Hereditary Angioedema: The Economics of Treatment of an Orphan Disease
- Allergy Division, Internal Medicine, University of Texas Southwestern Medical Center, Dallas, TX, United States
This review will discuss the cost burden of hereditary angioedema on patients, healthcare systems, and society. The impact of availability of and access to novel and specific therapies on morbidity, mortality, and the overall burden of disease will be explored along with potential changes in treatment paradigms to improve effectiveness and reduce cost of treatment. The prevalence of orphan diseases, legislative incentives to encourage development of orphan disease therapies and the impact of orphan disease treatment on healthcare payment systems will be discussed.
Hereditary angioedema (HAE) is a rare autosomal-dominant genetic disease (1, 2). It occurs in approximately 1:30,000–80,000 individuals and affects less than 8,000 individuals in the United States (USA), 15,000 in Europe, and 200,000 worldwide (3, 4) Disease-specific therapy for HAE, although available in other countries since 1979 (5), only recently became available in the USA. With the Food and Drug Administration (FDA) approval of a human nano-filtered human plasma-derived C1 inhibitor administered intravenously for routine prevention of HAE attacks on October 10, 2008, a new era in therapy for HAE began (6). Since 2008, four therapies to treat HAE attacks have received FDA approval, including nano-filtered pasteurized human plasma-derived C1 inhibitor and ecallantide in 2009, icatibant in 2011, and recombinant C1 inhibitor in 2014 (7–11). These therapies are currently registered in many countries around the world. A concentrated human plasma-derived C1 inhibitor administered subcutaneously for routine prevention of HAE attacks was approved on June 22, 2017 by the FDA and other preventive therapies are currently in development (12).
This burst of drug development and approvals has greatly benefited individuals with HAE, their families, caregivers, physicians, and healthcare providers (13, 14). The burden of HAE has been reduced, quality of life improved and utilization of urgent care, emergency facilities, and hospitals decreased significantly (14, 15). Concerns raised by healthcare payers in the USA and healthcare systems in other countries about the financial impact of these newly approved therapies on healthcare payment systems have led to barriers to and limitation of access to these life changing and potentially life saving therapies (16–20).
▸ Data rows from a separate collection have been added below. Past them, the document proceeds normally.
lemma dpath_max_score: "i \<le> l \<Longrightarrow> dpath x y (0, i) (k, l) (nat (max_score x y i k l))"
proof (induction x y i k l rule: max_score.induct)
  case (1 x y i k l)
  show ?case
  proof (cases "k = 0 \<or> l = i")
    case True
    have "dpath x y (0, i) (0, i + int (nat (l - i))) 0"
      by (rule dpath_hor_iter) (rule dpath.start)
    moreover have "dpath x y (0, i) (0 + k, i) 0"
      by (rule dpath_ver_iter) (rule dpath.start)
    ultimately show ?thesis
      using True "1.prems" by (auto simp: max_score_trivial)
  next
    case False
    with "1.prems" obtain k' where k: "k = Suc k'" and "i < l"
      by (cases k) auto
    let ?up = "max_score x y i k' l" and ?left = "max_score x y i k (l - 1)"
      and ?diag = "max_score x y i k' (l - 1)"
    have up: "dpath x y (0, i) (k, l) (nat ?up)"
      using dpath.ver[OF "1.IH"(1)] False \<open>i < l\<close> k by simp
    have left: "dpath x y (0, i) (k, l) (nat ?left)"
      using dpath.hor[OF "1.IH"(2)] False \<open>i < l\<close> by simp
    have diag: "dpath x y (0, i) (k, l) (nat (?diag + 1))" if "matches x y k l"
      using dpath.dia[OF "1.IH"(3)] that False \<open>i < l\<close> k max_score_nonneg[of x y i k' "l - 1"]
      by (simp add: nat_add_distrib)
    have "max_score x y i k l = max ?up (max ?left (?diag + of_bool (matches x y k l)))"
      using max_score_Suc[of i "l - 1" x y k'] \<open>i < l\<close> k by simp
    moreover have "?diag \<le> ?up"
      using max_score_mono_col[of x y i k' "l - 1"] by simp
    ultimately consider "max_score x y i k l = ?up" | "max_score x y i k l = ?left"
      | "matches x y k l" "max_score x y i k l = ?diag + 1"
      by (cases "matches x y k l") (auto simp: max_def split: if_splits)
    then show ?thesis
      by cases (use up left diag in simp_all)
  qed
qed

lemma hsm_eq_max_score: "i \<le> j \<Longrightarrow> hsm x y i j = max_score x y i (length x) j"
proof -
  assume "i \<le> j"
  let ?S = "{s. dpath x y (0, i) (length x, j) s}" and ?best = "nat (max_score x y i (length x) j)"
  have le: "s \<le> ?best" if "s \<in> ?S" for s
    using dpath_score_le_max_score[of x y i _ s] that by fastforce
  then have "finite ?S"
    by (meson atMost_iff finite_atMost finite_subset subsetI)
  moreover have "?best \<in> ?S"
    using dpath_max_score[OF \<open>i \<le> j\<close>] by simp
  ultimately have "Max ?S = ?best"
    using le by (intro Max_eqI)
  then show ?thesis
    using \<open>i \<le> j\<close> max_score_nonneg[of x y i "length x" j] by (simp add: hsm_def)
qed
This review will discuss the cost burden of HAE on patients, healthcare systems, and society. The impact of availability of and access to novel and specific therapies on morbidity, mortality, and the overall burden of disease will be explored along with potential changes in treatment paradigms to improve effectiveness and reduce cost of treatment. The prevalence of orphan diseases, legislative incentives to encourage development of orphan disease therapies, and the impact of orphan disease treatment on healthcare payment systems will be discussed.
Impact of New Therapies for HAE
Patients with HAE have benefited from approval of novel, disease-specific drugs that treat and prevent swelling attacks. The benefits include improvement in health and quality of life (QoL), increased ability to work and pursue educational and career goals, reduced disability and reduction of costly urgent care visits, and hospitalizations and longer survival (13, 14, 15).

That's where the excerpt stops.